If the recent pandemic has taught us anything, it’s that hand washing and good hygiene are integral to good health. Even before COVID-19, hand sanitizer was ever-present in public settings and at work. The importance of cleanliness in hospitals is amplified even more. Hospitals provide medical services, surgeries, and care for all manner of illness. Every day, they admit patients with illness and disease. If a hospital was not kept clean, it would quickly become a hotbed of uncontained and communicable diseases, and many sick people would avoid treatment altogether.
Infectious Diseases Abound
Infections in a hospital can spread from patient to nurse to doctor and on and on. There are many layers of protection in hospitals to help prevent the spread of disease and germs. The microbes responsible for hospital-acquired infections usually provoke severe illness and are resistant to more conventional antibiotics. Germs such as pseudomonas Klebsiella that produce grave illnesses are implicated in nosocomial infections (toxins that exist in a certain location). Therefore, it’s important for all concerned to be aware of the infections and take precautions to prevent them. Hospitalized patients are more prone to these infections compared to outpatients who come in for a short visit. Immunocompromised patients get infections easily and in more severe form. To prevent this, the hospital will keep beds separate, change sheets often, use antibiotic wipes, and clean constantly.

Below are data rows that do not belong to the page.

lemma zero_int_space_eq_span_tensor:
  "zero_int_space a b c d g h k l lam mu = fspace.span (tensor ` (tensor_index - {(int g, int h)}))"
  (is "?Z = fspace.span (tensor ` ?K0)")
proof
  have area: "(b - a) * (d - c) \<noteq> 0" using X.lo_less_hi Y.lo_less_hi by simp
  have gh: "(int g, int h) \<in> tensor_index" by (simp add: tensor_index_def)
  show "?Z \<subseteq> fspace.span (tensor ` ?K0)"
  proof
    fix s assume "s \<in> ?Z"
    then have "s \<in> fspace.span (tensor ` tensor_index)" and s0: "integral ({a..b} \<times> {c..d}) s = 0"
      unfolding zero_int_space_def spline_space_eq_span_tensor by auto
    then obtain C where s: "s = (\<Sum>p\<in>tensor_index. fscale (C p) (tensor p))"
      unfolding fspace.span_finite_image[OF finite_tensor_index] by auto
    have "C (int g, int h) = 0"
      using integral_unique[OF tensor_sum_has_integral[of tensor_index C]] s0 area gh s by simp
    then have "s = (\<Sum>p\<in>?K0. fscale (C p) (tensor p))"
      unfolding s sum.remove[OF finite_tensor_index gh] by simp
    then show "s \<in> fspace.span (tensor ` ?K0)"
      unfolding fspace.span_finite_image[OF finite_Diff[OF finite_tensor_index]] by auto
  qed
  show "fspace.span (tensor ` ?K0) \<subseteq> ?Z"
  proof
    fix s assume s: "s \<in> fspace.span (tensor ` ?K0)"
    then have "s \<in> spline_space a b c d g h k l lam mu"
      unfolding spline_space_eq_span_tensor by (rule subsetD[OF fspace.span_mono, rotated]) auto
    moreover obtain C where "s = (\<Sum>p\<in>?K0. fscale (C p) (tensor p))"
      using s unfolding fspace.span_finite_image[OF finite_Diff[OF finite_tensor_index]] by auto
    then have "integral ({a..b} \<times> {c..d}) s = 0"
      using integral_unique[OF tensor_sum_has_integral[of ?K0 C]] by simp
    ultimately show "s \<in> ?Z" unfolding zero_int_space_def by simp
  qed
qed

Medical Devices Need Sanitizing
In hospitals, many medical devices come into contact with patients. Those devices can spread illness quickly if not cleaned after each use. The probe on an ultrasound machine touches the skin of a patient to create the image. If that probe isn’t cleaned properly after a patient’s procedure, any germs present will transfer to the next patient. CT scans, x-ray machines, examination tables, and crash carts all run the same risk of transmitting diseases from one person to another, including the hospital staff.
Impressions Matter
The importance of cleanliness in hospitals goes beyond patient rooms and operating rooms. The appearance that the hospital displays to the public matters, as does the public’s perception of that appearance. If people begin to think that a hospital isn’t clean and looks shabby, then people will avoid going there because the facility imparts a negative impression. Right or wrong, it’s a reality for hospitals. The waiting rooms, public restrooms, and cafeteria should all be as clean as the emergency room.